Cuáles son los retos para los motores de gasolina
El principal problema con los motores de gasolina modernos, dotados de inyección directa, son las partículas, que requieren de la incorporación de un filtro.
La combustión de la gasolina genera mucho menos NOx que la del gasóleo, pero si el objetivo es que las cantidades sean despreciables, niveles moderados de emisiones son inaceptables. Además, al carecer de un sistema específico de reducción de NOx en el escape, la realidad es que un gasolina actual produce cantidades similares a las de un buen diésel y superiores, cuando funciona en frío, a los 80 mg/km de media que impone el WLTP para la prueba en laboratorio.

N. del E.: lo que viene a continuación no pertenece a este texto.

(* Let $d\ge2$ and $i\in\{0,\dots,d-1\}$. Let $(X,\omega)=\#^d_{t_h+it_v}\mathbb{T}^2$ be a $d$-symmetric differential with twist coordinate $[t_h+it_v]\in\mathbb{T}^2_d$. If $(X,\omega)\in\mathscr{C}_{v,i}$, then the vertical foliation of $(X,\omega)$ contains $(i,d)$ maximal cylinders of width $\frac{d}{(i,d)}$ and $(i+1,d)$ maximal cylinders of width $\frac{d}{(i+1,d)}$. If $(X,\omega)$ lies on the boundary leaf $\partial\mathscr{C}_{v,i}=\{t_h\equiv i\bmod d\}$, its vertical foliation contains $(i,d)$ cylinders of width $\frac{d}{(i,d)}$.
   Context: $(a,d)=\gcd(a,d)$ with $(0,d)=d$. $\mathbb{T}^2=\mathbb{C}/(\mathbb{Z}\oplus\mathbb{Z}i)$, $\mathbb{T}^2_d=\mathbb{C}/d(\mathbb{Z}\oplus\mathbb{Z}i)$. $\#^d_v\mathbb{T}^2$ is obtained by taking $d$ copies of $\mathbb{T}^2$, slitting each along the image of $[0,v]$ and gluing one side of the slit on copy $j$ to the opposite side on copy $j+1\bmod d$ (by limits for non-injective segments); $t_h+it_v\mapsto\#^d_{t_h+it_v}\mathbb{T}^2$ gives twist coordinates on $\mathbb{T}^2_d$, which parametrizes the modular fiber $\mathscr{F}^{sym}_d$. The vertical foliation of $\mathbb{T}^2_d$ consists of the $d$ open cylinders $\mathscr{C}_{v,i}=\{[t_h+it_v]:\lfloor t_h\rfloor\equiv i\bmod d,\ t_h\notin\mathbb{Z}\}$, each of width $d$ and height $1$, separated by the vertical leaves $\{t_h\equiv i\bmod d\}$. *)

theory Defs
  imports "HOL-Analysis.Analysis"
begin
(* Let $n\in\mathbb{N}$ and let $K\subset\mathbb{R}^n$ be a strictly convex convex body (not necessarily $0$-symmetric). Then \[ G(K)\le 2\bigl(2^{n-1}-1\bigr)\left\lceil \tfrac{2}{3}\bigl(G(\operatorname{int}K)+1\bigr)\right\rceil + G(\operatorname{int}K)+2. \]
   Context: A convex body in $\mathbb{R}^n$ is a compact convex set with nonempty interior. It is strictly convex if its boundary contains no nondegenerate line segment. For $S\subset\mathbb{R}^n$, $G(S)=|S\cap\mathbb{Z}^n|$, and $\operatorname{int}K$ denotes the interior of $K$. $\lceil x\rceil$ is the smallest integer $\ge x$. *)

theory Defs
  imports "HOL-Analysis.Analysis"
begin

definition convex_body :: "(real ^ 'n) set \<Rightarrow> bool" where
  "convex_body K \<longleftrightarrow> compact K \<and> convex K \<and> interior K \<noteq> {}"

definition strictly_convex_body :: "(real ^ 'n) set \<Rightarrow> bool" where
  "strictly_convex_body K \<longleftrightarrow> convex_body K \<and>
     (\<forall>x y. x \<noteq> y \<longrightarrow> \<not> closed_segment x y \<subseteq> frontier K)"

definition lattice_points :: "(real ^ 'n) set" where
  "lattice_points = {x. \<forall>i. x $ i \<in> \<int>}"

definition G :: "(real ^ 'n) set \<Rightarrow> nat" where
  "G S = card (S \<inter> lattice_points)"

end

theory Submission
  imports Defs "HOL-Library.Cardinality"
begin

text \<open>Sort the lattice points of \<open>K\<close> into the \<open>2\<^sup>n\<close> classes of coordinate parities. The midpoint
  of two distinct points of one class is again a lattice point, and by strict convexity it lies in
  the interior of \<open>K\<close>. Projecting a class injectively to the line by a generic linear functional,
  and using that \<open>m\<close> reals have at least \<open>2m - 3\<close> distinct midpoints, every class has at most
  \<open>(G(int K) + 3)/2\<close> points. The class of the interior lattice point minimising the functional
  has at most \<open>(G(int K) + 2)/2\<close>, since that point is an interior lattice point that is no midpoint.
  Summing over the classes gives the bound.\<close>

lemma midpoint_in_interior_convex:
  fixes K :: "'a::euclidean_space set"
  assumes K: "convex K" and xy: "x \<in> K" "y \<in> K" "x \<noteq> y"
    and not_frontier: "\<not> closed_segment x y \<subseteq> frontier K"
  shows "midpoint x y \<in> interior K"
proof -
  obtain w where w: "w \<in> closed_segment x y" "w \<notin> frontier K"
    using not_frontier by blast
  have "w \<in> K"
    using w(1) K xy closed_segment_subset by blast
  then have w_interior: "w \<in> interior K"
    using w(2) closure_subset by (auto simp: frontier_def)
  have towards: "midpoint x y \<in> interior K"
    if "midpoint x y \<in> closed_segment w z" "z \<in> K" "midpoint x y \<noteq> z" for z
  proof (cases "midpoint x y = w")
    case False
    then have "midpoint x y \<in> open_segment w z"
      using that by (simp add: open_segment_def)
    then show ?thesis
      using in_interior_closure_convex_segment[OF K w_interior] that(2) closure_subset by blast
  qed (use w_interior in simp)
  have "midpoint x y \<in> closed_segment w x \<union> closed_segment w y"
    using Un_closed_segment[OF w(1)] by (simp add: closed_segment_commute)
  then show ?thesis
    using towards xy by auto
qed

definition parity :: "real ^ 'n \<Rightarrow> 'n \<Rightarrow> bool" where
  "parity x = (\<lambda>i. even \<lfloor>x $ i\<rfloor>)"

lemma midpoint_in_lattice_points:
  assumes "x \<in> lattice_points" "y \<in> lattice_points" "parity x = parity y"
  shows "midpoint x y \<in> lattice_points"
  unfolding lattice_points_def
proof (intro CollectI allI)
  fix i
  have "x $ i \<in> \<int>" "y $ i \<in> \<int>"
    using assms(1,2) by (auto simp: lattice_points_def)
  then obtain a b where ab: "x $ i = of_int a" "y $ i = of_int b"
    by (metis Ints_cases)
  have "parity x i = parity y i"
    using assms(3) by simp
  then have "even a = even b"
    using ab by (simp add: parity_def)
  then obtain c where "a + b = 2 * c"
    by (metis evenE even_add)
  then have "midpoint x y $ i = of_int c"
    using ab by (simp add: midpoint_def field_simps)
  then show "midpoint x y $ i \<in> \<int>"
    by simp
qed

lemma finite_lattice_points_bounded:
  fixes K :: "(real ^ 'n) set"
  assumes "bounded K"
  shows "finite (K \<inter> lattice_points)"
proof -
  obtain B where B: "\<And>x. x \<in> K \<Longrightarrow> norm x \<le> B"
    using assms by (auto simp: bounded_iff)
  define floors :: "real ^ 'n \<Rightarrow> 'n \<Rightarrow> int" where "floors x = (\<lambda>i. \<lfloor>x $ i\<rfloor>)" for x
  have "inj_on floors (K \<inter> lattice_points)"
    by (rule inj_onI) (metis floors_def lattice_points_def IntD2 mem_Collect_eq of_int_floor vec_eq_iff)
  moreover have "floors x i \<in> {-\<lceil>B\<rceil>..\<lceil>B\<rceil>}" if "x \<in> K" for x i
  proof -
    have "\<bar>x $ i\<bar> \<le> B"
      using B that component_le_norm_cart order_trans by blast
    then show ?thesis
      unfolding floors_def by (simp add: abs_le_iff) linarith
  qed
  then have "floors ` (K \<inter> lattice_points) \<subseteq> Pi\<^sub>E UNIV (\<lambda>_. {-\<lceil>B\<rceil>..\<lceil>B\<rceil>})"
    by auto
  then have "finite (floors ` (K \<inter> lattice_points))"
    by (rule finite_subset) (intro finite_PiE; simp)
  ultimately show ?thesis
    using finite_imageD by blast
qed

lemma exists_inner_nonzero:
  fixes D :: "'a::real_inner set"
  assumes "finite D" "0 \<notin> D"
  shows "\<exists>v. \<forall>d\<in>D. v \<bullet> d \<noteq> 0"
  using assms
proof (induction D)
  case empty
  then show ?case by simp
next
  case (insert d D)
  then obtain v where v: "\<forall>e\<in>D. v \<bullet> e \<noteq> 0" by auto
  have "finite ((\<lambda>e. - (v \<bullet> e) / (d \<bullet> e)) ` insert d D)"
    using insert.hyps(1) by simp
  then obtain t :: real where t: "t \<notin> (\<lambda>e. - (v \<bullet> e) / (d \<bullet> e)) ` insert d D"
    using ex_new_if_finite[OF infinite_UNIV_char_0] by blast
  have "(v + t *\<^sub>R d) \<bullet> e \<noteq> 0" if e: "e \<in> insert d D" for e
  proof (cases "d \<bullet> e = 0")
    case True
    then have "e \<noteq> d"
      using insert.prems by auto
    then have "v \<bullet> e \<noteq> 0"
      using v e by auto
    then show ?thesis
      using True by (simp add: inner_add_left)
  next
    case False
    show ?thesis
    proof
      assume "(v + t *\<^sub>R d) \<bullet> e = 0"
      then have "t * (d \<bullet> e) = - (v \<bullet> e)"
        by (simp add: inner_add_left add_eq_0_iff2)
      then have "t = - (v \<bullet> e) / (d \<bullet> e)"
        using False by (metis nonzero_mult_div_cancel_right)
      then show False
        using t e by blast
    qed
  qed
  then show ?case by blast
qed
(* Let $n\ge 3$ and let $O$ be an optimal acyclic matching on the $(n-2)$-skeleton $\Delta^n_{(n-2)}$ of $\Delta^n$. Let $U$ be the set of critical $(n-2)$-dimensional simplices of $O$. Let $F_0,\dots,F_n$ be the $(n-1)$-dimensional simplices of $\Delta^n$, and let $K_{n+1}$ be the complete graph on the vertex set $\{F_0,\dots,F_n\}$. Identify each $(n-2)$-simplex $u$ of $\Delta^n$ with the edge $\{F_i,F_j\}$ of $K_{n+1}$, where $F_i,F_j$ are the two $(n-1)$-simplices of $\Delta^n$ containing $u$ (this is a bijection between $(n-2)$-simplices of $\Delta^n$ and edges of $K_{n+1}$). Then $|U|=n$ and, under this identification, $U$ is the edge set of a spanning tree of $K_{n+1}$.
   Context: All simplicial complexes are finite abstract simplicial complexes; simplices are nonempty. $\Delta^n$ is the simplicial complex of all nonempty subsets of an $(n+1)$-element vertex set; $\Delta^n_{(k)}$ denotes its $k$-skeleton (simplices of dimension $\le k$). The Hasse diagram $\mathcal{H}(K)$ of $K$ is the directed graph whose vertices are the simplices of $K$, with an edge $\sigma\to\tau$ whenever $\sigma\subsetneq\tau$ and $\dim\tau=\dim\sigma+1$. A matching on $\mathcal{H}(K)$ is a set $W$ of edges of $\mathcal{H}(K)$, no two sharing a vertex; an edge $\sigma\to\tau$ in $W$ is called a pair $(\sigma,\tau)$, and a simplex lying in no pair is called critical. $W$ is acyclic if the directed graph obtained from $\mathcal{H}(K)$ by reversing every edge in $W$ has no directed cycle. An acyclic matching is optimal if it minimizes the total number of critical simplices among all acyclic matchings on $K$. *)

theory Defs
  imports Main
begin

(* Abstract simplicial complexes: a complex is a set of nonempty finite vertex sets.
   dim s = card s - 1. *)

definition simplex_full :: "nat \<Rightarrow> nat set set" where
  "simplex_full n = {s. s \<noteq> {} \<and> s \<subseteq> {0..n}}"

definition skeleton :: "nat \<Rightarrow> nat \<Rightarrow> nat set set" where
  "skeleton n k = {s \<in> simplex_full n. card s \<le> k + 1}"

definition hasse_edges :: "'a set set \<Rightarrow> ('a set \<times> 'a set) set" where
  "hasse_edges K = {(s, t). s \<in> K \<and> t \<in> K \<and> s \<subset> t \<and> card t = card s + 1}"

definition is_matching :: "'a set set \<Rightarrow> ('a set \<times> 'a set) set \<Rightarrow> bool" where
  "is_matching K W \<longleftrightarrow> W \<subseteq> hasse_edges K \<and>
     (\<forall>p\<in>W. \<forall>q\<in>W. p \<noteq> q \<longrightarrow> {fst p, snd p} \<inter> {fst q, snd q} = {})"

definition modified_hasse :: "'a set set \<Rightarrow> ('a set \<times> 'a set) set \<Rightarrow> ('a set \<times> 'a set) set" where
  "modified_hasse K W = (hasse_edges K - W) \<union> W\<inverse>"
(* Let $(H,B_1,B_2)$ be a Rota-Baxter system of Hopf algebras with descendent operation $\circ$ and cocycle $\sigma$. Then $(H,\cdot,\circ)$ is a Hopf truss with cocycle $\sigma$.
   Context: $\mathbb{F}$ is a field of characteristic $0$; Sweedler notation $\Delta(a)=a_1\otimes a_2$. A Rota-Baxter system of Hopf algebras is a triple $(H,B_1,B_2)$ where $(H,\cdot,1,\Delta,\epsilon,S)$ is a cocommutative Hopf algebra and $B_1,B_2:H\to H$ are coalgebra homomorphisms with $B_1(1)=B_2(1)=1$ such that for all $a,b\in H$: $B_1(a)B_1(b)=B_1(B_1(a_1)bS(B_2(a_2)))$ and $B_2(a)B_2(b)=B_2(B_1(a_1)bS(B_2(a_2)))$. Its descendent operation is $a\circ b=B_1(a_1)bS(B_2(a_2))$ and cocycle $\sigma(a)=B_1(a_1)S(B_2(a_2))$. Given a Hopf algebra $(H,\cdot,1,\Delta,\epsilon,S)$ and a binary operation $\circ$ on $H$ making $(H,\circ,\Delta,\epsilon)$ a (not necessarily unital) bialgebra (i.e. $\circ$ is associative and $\Delta,\epsilon$ are multiplicative for $\circ$), $(H,\cdot,\circ)$ is a Hopf truss with cocycle $\sigma$ if $\sigma:H\to H$ is a coalgebra homomorphism and $a\circ(bc)=(a_1\circ b)S(\sigma(a_2))(a_3\circ c)$ for all $a,b,c\in H$. *)

theory Defs
  imports Complex_Main
begin

text \<open>
An element of H (x) H (resp. H (x) H (x) H) is represented by a finite list
of pairs (resp. triples), standing for the sum of the corresponding elementary tensors.
Two such representatives denote the same tensor iff they agree under every scalar-valued
bilinear (resp. trilinear) form (universal property of the tensor product, together with the
fact that scalar-valued forms separate the points of a tensor product of vector spaces).
The comultiplication is a function D returning a representative of D(a), and a Sweedler sum
a_1 (x) a_2 |-> f a_1 a_2 (for f bilinear) is evaluated on that representative.
\<close>

definition sw2 :: "('h \<times> 'h) list \<Rightarrow> ('h \<Rightarrow> 'h \<Rightarrow> 'b::comm_monoid_add) \<Rightarrow> 'b" where
  "sw2 T f = sum_list (map (\<lambda>(x, y). f x y) T)"

definition sw3 :: "('h \<times> 'h \<times> 'h) list \<Rightarrow> ('h \<Rightarrow> 'h \<Rightarrow> 'h \<Rightarrow> 'b::comm_monoid_add) \<Rightarrow> 'b" where
  "sw3 T f = sum_list (map (\<lambda>(x, y, z). f x y z) T)"

definition bilinear_form :: "('k::field \<Rightarrow> 'h::ab_group_add \<Rightarrow> 'h) \<Rightarrow> ('h \<Rightarrow> 'h \<Rightarrow> 'k) \<Rightarrow> bool" where
  "bilinear_form sc \<beta> \<longleftrightarrow>
     (\<forall>x. Vector_Spaces.linear sc (*) (\<beta> x)) \<and> (\<forall>y. Vector_Spaces.linear sc (*) (\<lambda>x. \<beta> x y))"

definition trilinear_form :: "('k::field \<Rightarrow> 'h::ab_group_add \<Rightarrow> 'h) \<Rightarrow> ('h \<Rightarrow> 'h \<Rightarrow> 'h \<Rightarrow> 'k) \<Rightarrow> bool" where
  "trilinear_form sc \<tau> \<longleftrightarrow>
     (\<forall>y z. Vector_Spaces.linear sc (*) (\<lambda>x. \<tau> x y z)) \<and>
     (\<forall>x z. Vector_Spaces.linear sc (*) (\<lambda>y. \<tau> x y z)) \<and>
     (\<forall>x y. Vector_Spaces.linear sc (*) (\<lambda>z. \<tau> x y z))"

definition teq2 :: "('k::field \<Rightarrow> 'h::ab_group_add \<Rightarrow> 'h) \<Rightarrow> ('h \<times> 'h) list \<Rightarrow> ('h \<times> 'h) list \<Rightarrow> bool" where
  "teq2 sc T T' \<longleftrightarrow> (\<forall>\<beta>. bilinear_form sc \<beta> \<longrightarrow> sw2 T \<beta> = sw2 T' \<beta>)"

definition teq3 :: "('k::field \<Rightarrow> 'h::ab_group_add \<Rightarrow> 'h) \<Rightarrow> ('h \<times> 'h \<times> 'h) list \<Rightarrow> ('h \<times> 'h \<times> 'h) list \<Rightarrow> bool" where
  "teq3 sc T T' \<longleftrightarrow> (\<forall>\<tau>. trilinear_form sc \<tau> \<longrightarrow> sw3 T \<tau> = sw3 T' \<tau>)"

text \<open>(D (x) id) D a, and (id (x) D) D a.\<close>
definition comul2_left :: "('h \<Rightarrow> ('h \<times> 'h) list) \<Rightarrow> 'h \<Rightarrow> ('h \<times> 'h \<times> 'h) list" where
  "comul2_left D a = concat (map (\<lambda>(x, z). map (\<lambda>(u, v). (u, v, z)) (D x)) (D a))"

definition comul2_right :: "('h \<Rightarrow> ('h \<times> 'h) list) \<Rightarrow> 'h \<Rightarrow> ('h \<times> 'h \<times> 'h) list" where
  "comul2_right D a = concat (map (\<lambda>(x, y). map (\<lambda>(u, v). (x, u, v)) (D y)) (D a))"

definition tmul :: "('h \<Rightarrow> 'h \<Rightarrow> 'h) \<Rightarrow> ('h \<times> 'h) list \<Rightarrow> ('h \<times> 'h) list \<Rightarrow> ('h \<times> 'h) list" where
  "tmul m T T' = concat (map (\<lambda>(u, v). map (\<lambda>(u', v'). (m u u', m v v')) T') T)"
(* Let $X$ be a commutative topological free algebra over $\mathbb{K}$ with a set of free generators $A$. Let $B,C$ be a partition of $A$ and suppose $\alpha=|C|$ is infinite with $\alpha\ge w(X)$. Let $Y=\langle B\rangle$. Then $X\setminus Y$ is strongly $\alpha$-dense-algebrable, i.e., there is a set of free generators $F\subset X$ with $|F|=\alpha$ such that $\langle F\rangle$ is dense in $X$ and $\langle F\rangle\subset (X\setminus Y)\cup\{0\}$.
   Context: Algebras are associative linear algebras over $\mathbb{K}$ ($\mathbb{R}$ or $\mathbb{C}$); a topological algebra is an algebra with a topology making sum, product and scalar multiplication continuous. $w(X)$ is the smallest cardinality of a base of the topology. $\langle S\rangle$ is the subalgebra generated by $S$. With $\mathbb{P}_n$ the polynomials in $n$ variables without constant term, a subset $S$ of a commutative algebra is a set of free generators (SFG) if $P(x_1,\dots,x_n)\ne0$ for every $n$, every non-zero $P\in\mathbb{P}_n$ and all pairwise distinct $x_1,\dots,x_n\in S$. $X$ is a commutative (topological) free algebra with SFG $A$ if $A$ is an SFG and $X=\langle A\rangle$. A subset $M$ of a commutative topological algebra is strongly $\alpha$-dense-algebrable if $M\cup\{0\}$ contains a dense subalgebra of the form $\langle F\rangle$ with $F$ an SFG of cardinality $\alpha$ (a dense $\alpha$-generated free subalgebra). *)

theory Defs
  imports "HOL-Analysis.Analysis"
begin

text \<open>The scalar field is a set K of complex numbers which is either
  the reals (K = \<real>) or all of \<complex>. The algebra X is a subset of an ambient
  commutative ring with unit of type 'a (every algebra embeds into its unitization,
  so this is no restriction); the unit is only used to write monomials with powers. The topology of X is the
  subspace topology (only its restriction to X matters).\<close>

definition is_subalgebra :: "complex set \<Rightarrow> (complex \<Rightarrow> 'a::comm_ring_1 \<Rightarrow> 'a) \<Rightarrow> 'a set \<Rightarrow> bool" where
  "is_subalgebra K scal Z \<longleftrightarrow>
     0 \<in> Z \<and> (\<forall>x\<in>Z. \<forall>y\<in>Z. x + y \<in> Z \<and> x * y \<in> Z) \<and> (\<forall>x\<in>Z. - x \<in> Z)
     \<and> (\<forall>k\<in>K. \<forall>x\<in>Z. scal k x \<in> Z)"

definition gen :: "complex set \<Rightarrow> (complex \<Rightarrow> 'a::comm_ring_1 \<Rightarrow> 'a) \<Rightarrow> 'a set \<Rightarrow> 'a set" where
  "gen K scal S = \<Inter>{Z. S \<subseteq> Z \<and> is_subalgebra K scal Z}"

definition is_comm_algebra :: "complex set \<Rightarrow> (complex \<Rightarrow> 'a::comm_ring_1 \<Rightarrow> 'a) \<Rightarrow> 'a set \<Rightarrow> bool" where
  "is_comm_algebra K scal X \<longleftrightarrow> is_subalgebra K scal X \<and>
     (\<forall>k\<in>K. \<forall>x\<in>X. \<forall>y\<in>X. scal k (x + y) = scal k x + scal k y) \<and>
     (\<forall>k\<in>K. \<forall>l\<in>K. \<forall>x\<in>X. scal (k + l) x = scal k x + scal l x) \<and>
     (\<forall>k\<in>K. \<forall>l\<in>K. \<forall>x\<in>X. scal (k * l) x = scal k (scal l x)) \<and>
     (\<forall>x\<in>X. scal 1 x = x) \<and>
     (\<forall>k\<in>K. \<forall>x\<in>X. \<forall>y\<in>X. scal k (x * y) = scal k x * y)"

definition is_comm_top_algebra :: "complex set \<Rightarrow> (complex \<Rightarrow> 'a::{comm_ring_1,topological_space} \<Rightarrow> 'a) \<Rightarrow> 'a set \<Rightarrow> bool" where
  "is_comm_top_algebra K scal X \<longleftrightarrow> is_comm_algebra K scal X \<and>
     continuous_on (X \<times> X) (\<lambda>(x, y). x + y) \<and>
     continuous_on (X \<times> X) (\<lambda>(x, y). x * y) \<and>
     continuous_on (K \<times> X) (\<lambda>(k, x). scal k x)"

text \<open>P_n: polynomials in n variables (indices < n) with coefficients in K and without
  constant term, given by their coefficient function on exponent vectors.\<close>
definition poly_n :: "complex set \<Rightarrow> nat \<Rightarrow> ((nat \<Rightarrow> nat) \<Rightarrow> complex) set" where
  "poly_n K n = {P. finite {m. P m \<noteq> 0} \<and> (\<forall>m. P m \<in> K) \<and>
      (\<forall>m. P m \<noteq> 0 \<longrightarrow> (\<forall>i\<ge>n. m i = 0) \<and> m \<noteq> (\<lambda>_. 0))}"

definition poly_eval :: "(complex \<Rightarrow> 'a::comm_ring_1 \<Rightarrow> 'a) \<Rightarrow> nat \<Rightarrow> ((nat \<Rightarrow> nat) \<Rightarrow> complex) \<Rightarrow> (nat \<Rightarrow> 'a) \<Rightarrow> 'a" where
  "poly_eval scal n P x = (\<Sum>m\<in>{m. P m \<noteq> 0}. scal (P m) (\<Prod>i<n. x i ^ m i))"

definition is_SFG :: "complex set \<Rightarrow> (complex \<Rightarrow> 'a::comm_ring_1 \<Rightarrow> 'a) \<Rightarrow> 'a set \<Rightarrow> bool" where
  "is_SFG K scal S \<longleftrightarrow>
     (\<forall>n. \<forall>P\<in>poly_n K n. \<forall>x. P \<noteq> (\<lambda>_. 0) \<and> (\<forall>i<n. x i \<in> S) \<and> inj_on x {..<n}
        \<longrightarrow> poly_eval scal n P x \<noteq> 0)"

La receta para los gasolina pasa por combinar el ciclo Miller –para enfriar la mezcla: retrasar 30º el cierre de la admisión se traduce en una reducción de hasta el 25 % en la temperatura de los gases de escape que repercute en hasta un 50 % menos de emisiones de NOx – con inyección tardía de combustible a muy alta presión -motor lo más adiabático posible–, turbo de geometría variable –para mejorar los transitorios– y función de marcha a vela –circular con motor desconectado y punto muerto para evitar que se enfríe el catalizador al circular cuesta abajo–. El 1.5 TSI Evo de Volkswagen emplea todas estas tecnologías –además de contar con desconexión de cilindros– y es un buen primer paso hacia la el concepto de Zero Impact Emissions.
Emplear gas natural –como en el caso del 1.5 TGI de Volkswagen– simplifica mucho más todo el proceso: apenas se generan partículas, y su combustión genera entre un 50% y un 85% menos NOx que la gasolina.
Cuáles son los principales retos de los motores diesel hacia las “cero emisiones”
Conseguir neutralizar las emisiones de un motor diésel es bastante más complicado. Las de partículas están controladas por el filtro correspondiente. En cuanto a las de óxidos de nitrógeno, la primera línea de defensa es la recirculación avanzada; hay que emplearla para diluir el aire de admisión con tantos gases de escape ‘limpios’ como sea posible. Por supuesto, hay que emplear un catalizador de NOx, pero además hay que mantenerlo a la temperatura de funcionamiento de forma permanente. El primer paso, va a ser calentarlo cuanto antes. Eso va a requerir, o bien un calefactor eléctrico, o bien invertir cierta cantidad de combustible en generar calor y lograr que ese calor puentee el turbo –con un bypass–y llegue directamente al catalizador. Por supuesto, una vez caliente, tenemos que mantener la temperatura, de manera que es necesario contar con tres sistemas.
Primero, un Stop&Start efectivo, porque cada revolución del motor sin inyección de combustible va a enfriar el catalizador. Por la misma razón, se necesita un cambio automático con modo de circulación a vela. Y en tercer lugar, va a ser necesario hibridar con un motor eléctrico, porque no podemos permitirnos incrementar la carga por encima de la capacidad del catalizador… salvo que montemos un segundo catalizador, que también vamos a tener que calentar. El coste de todo lo anterior va a ser elevado… de manera que es posible que, por el camino, veamos a algún fabricante recurrir a la inyección de agua.
Actualmente existen motores con recirculación avanzada, pero ningún fabricante ha sentido la necesidad de dar el resto de los pasos. Sin embargo, con la llegada de la Euro 6d-Final, es indiscutible que van a tener que recurrir a algunas de estas medidas… o a todas, combinadas.